Data Management
Jobs executed on the grid produce output files organized within datasets, hosted on storage elements around the world. A dataset is located using its Logical Path Name (LPN).
In the case of the output dataset for jobs submitted with gbasf2, the LPN always starts with /belle/user/<your_username>
,
followed by the dataset name, which corresponds to the name of the project. A dataset on the grid is subdivided by datablocks
subXX
, where the last two digits are sequentially iterated.
A set of gb2 tools provided with the gbasf2 installation are intended for the management of the output datasets on the grid. Operations such as downloading, replication or deletion can be performed.
Downloading files
The intended tool for the downloading of files from the grid is gb2_ds_get
. Once the jobs of a project have finished
with status Done, the output can be downloaded.
If the project name is provided, the gb2_ds
tools have been written to conveniently resolve the LPN of the
associated output dataset:
$ gb2_ds_get <project_name>
After the confirmation, files will be downloaded by default inside a directory with name as the dataset.
You can skip the confirmation using the flag -f
. Check Dataset management tools for details and the options available.
Note
If some of the files were not downloaded because of errors, this will be reported at the end of the execution
of gb2_ds_get
. Please be particularly careful ensuring that all the files have been downloaded, because incomplete
datasets will lead to incorrect physics results.
If some of the files contained in the dataset were not downloaded, gb2_ds_get
can be executed again. Files already
downloaded will be skipped after confirming their integrity using the checksum or the size.
Note
Some datasets are not intended to be downloaded with gb2_ds_get
, like raw data files (random access to
tape systems can potentially block all our operations).
If you require such files in local resources, please contact Belle II Data Production managers.
Deleting datasets
Once your datasets have been downloaded and are no longer required, you can delete them from the grid using gb2_ds_rm
.
You can simply specify the project name or the full LPN of the dataset to delete:
$ gb2_ds_rm myProject
$ gb2_ds_rm /belle/user/myUser/myProject
Check Dataset management tools for details and additional options.
Note
Your project will be set for deletion and treated asynchronously. It means the dataset will not disappear immediately after the
execution of gb2_ds_rm
.
Replica management
Sometimes you may want to replicate datasets. For example:
You would like the output dataset of your gbasf2 project to be located at a specific site.

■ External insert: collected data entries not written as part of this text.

lemma tendsto_f:
  assumes lim: "((\<lambda>s. S (p s)) \<longlongrightarrow> S q) G" and evV: "\<forall>\<^sub>F s in G. p s \<in> V" and q: "q \<in> V"
  shows "((\<lambda>s. f (p s)) \<longlongrightarrow> f q) G"
proof -
  define K where "K = norm (S q) + 1"
  have "K > 0" by (simp add: K_def add_nonneg_pos)
  then obtain L where L: "\<forall>x\<in>V. \<forall>y\<in>V. norm (S x) \<le> K \<longrightarrow> norm (S y) \<le> K \<longrightarrow> norm (f x - f y) \<le> L * norm (S (x - y))"
    using f_loclip by blast
  have "\<forall>\<^sub>F s in G. dist (S (p s)) (S q) < 1" using lim by (simp add: tendsto_iff)
  with evV have "\<forall>\<^sub>F s in G. norm (f (p s) - f q) \<le> \<bar>L\<bar> * norm (S (p s) - S q)"
  proof eventually_elim
    case (elim s)
    have "norm (S (p s)) \<le> K"
      using elim norm_triangle_sub[of "S (p s)" "S q"] by (simp add: K_def dist_norm)
    then have "norm (f (p s) - f q) \<le> L * norm (S (p s - q))"
      using L elim q by (simp add: K_def)
    also have "\<dots> \<le> \<bar>L\<bar> * norm (S (p s) - S q)"
      using lin_op_on_diff[OF lin elim(1) q] by (simp add: mult_right_mono)
    finally show ?case .
  qed
  moreover have "((\<lambda>s. \<bar>L\<bar> * norm (S (p s) - S q)) \<longlongrightarrow> 0) G"
    using tendsto_mult_right_zero[OF tendsto_norm_zero[OF LIM_zero[OF lim]]] .
  ultimately show ?thesis
    by (rule Lim_null_comparison[THEN LIM_zero_cancel])
qed

lemma continuous_on_f_comp:
  assumes "\<And>s. s \<in> X \<Longrightarrow> u s \<in> V" and "continuous_on X (\<lambda>s. S (u s))"
  shows "continuous_on X (\<lambda>s. f (u s))"
  unfolding continuous_on_def
proof
  fix t assume "t \<in> X"
  with assms show "((\<lambda>s. f (u s)) \<longlongrightarrow> f (u t)) (at t within X)"
    by (intro tendsto_f) (auto simp: continuous_on_def eventually_at_filter)
qed

lemma F_comp_has_real_derivative:
  assumes uV: "\<And>s. s \<in> X \<Longrightarrow> u s \<in> V" and t: "t \<in> X"
    and du: "(u has_vector_derivative u') (at t within X)"
    and cSu: "continuous (at t within X) (\<lambda>s. S (u s))"
  shows "((\<lambda>s. F (u s)) has_real_derivative inner (f (u t)) u') (at t within X)"
proof -
  have "\<exists>p \<in> V. norm (S p - S (u t)) \<le> norm (S (u s) - S (u t)) \<and> F (u s) - F (u t) = inner (f p) (u s - u t)"
    if s: "s \<in> X" for s
  proof -
    obtain \<theta> where \<theta>: "0 < \<theta>" "\<theta> < 1" "F (u s) - F (u t) = inner (f (u t + \<theta> *\<^sub>R (u s - u t))) (u s - u t)"
      using F_mean_value[OF uV[OF t] uV[OF s]] .
    have d: "u s - u t \<in> V" using subspace_V uV t s subspace_diff by blast
    then have "\<theta> *\<^sub>R (u s - u t) \<in> V" using subspace_V by (simp add: subspace_scale)
    then have "u t + \<theta> *\<^sub>R (u s - u t) \<in> V" and
      "S (u t + \<theta> *\<^sub>R (u s - u t)) - S (u t) = \<theta> *\<^sub>R (S (u s) - S (u t))"
      using lin uV[OF t] uV[OF s] d subspace_V lin_op_on_diff[OF lin uV[OF s] uV[OF t]]
      unfolding lin_op_on_def by (auto simp: subspace_add)
    with \<theta> show ?thesis
      by (intro bexI[of _ "u t + \<theta> *\<^sub>R (u s - u t)"]) (auto simp: mult_left_le_one_le)
  qed
  then obtain \<xi> where \<xi>: "\<And>s. s \<in> X \<Longrightarrow> \<xi> s \<in> V \<and> norm (S (\<xi> s) - S (u t)) \<le> norm (S (u s) - S (u t))
      \<and> F (u s) - F (u t) = inner (f (\<xi> s)) (u s - u t)"
    by metis
  have evX: "\<forall>\<^sub>F s in at t within X. s \<in> X \<and> s \<noteq> t" by (simp add: eventually_at_filter)
  have "((\<lambda>s. S (\<xi> s) - S (u t)) \<longlongrightarrow> 0) (at t within X)"
    using evX cSu unfolding continuous_within
    by (intro Lim_null_comparison[OF _ tendsto_norm_zero[OF LIM_zero]]) (auto elim!: eventually_mono dest: \<xi>)
  then have "((\<lambda>s. f (\<xi> s)) \<longlongrightarrow> f (u t)) (at t within X)"
    using evX by (intro tendsto_f uV t) (auto simp: LIM_zero_iff elim!: eventually_mono dest: \<xi>)
  then have "((\<lambda>s. inner (f (\<xi> s)) ((u s - u t) /\<^sub>R (s - t))) \<longlongrightarrow> inner (f (u t)) u') (at t within X)"
    by (intro tendsto_inner tendsto_difference_quotient[OF du])
  moreover have "\<forall>\<^sub>F s in at t within X. inner (f (\<xi> s)) ((u s - u t) /\<^sub>R (s - t)) = (F (u s) - F (u t)) / (s - t)"
    using evX by eventually_elim (simp add: \<xi> divide_inverse_commute)
  ultimately show ?thesis
    unfolding has_field_derivative_iff by (rule Lim_transform_eventually)
qed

You would like your output dataset to be located on a storage element close to where you work, eg. for easier downloading
Use gb2_ds_rep
for this. check Dataset management tools for more detail.
You can specify the project name or the full LPN of the dataset to replicate:
$ gb2_ds_rep -d <destination_SE> myProject
$ gb2_ds_rep -d <destination_SE> /belle/user/myUser/myProject
Once the command finishes successfully, the replication is taken care of by the system. To monitor the replication status use gb2_ds_rep_status
:
$ gb2_ds_rep_status myProject
$ gb2_ds_rep_status /belle/user/myUser/myProject
For example:
$ gb2_ds_rep_status /belle/user/anil123/v5r3p1_pre1_check_02
LFN/LPN | OK | Replicating | Stuck | Dest_SE |
======================================================================================================
/belle/user/anil123/v5r3p1_pre1_check_02/sub00 | 5 | 0 | 0 | ANY=true |
/belle/user/anil123/v5r3p1_pre1_check_02/sub00 | 5 | 0 | 0 | CESNET-TMP-SE |
In the example above:
first line with Dest_SE: Any=True is the datablock registered by the gbasf2 jobs.
Second line with Dest_SE: CESNET-TMP-SE is the replica made using
gb2_ds_rep
.
check Dataset management tools for more detail.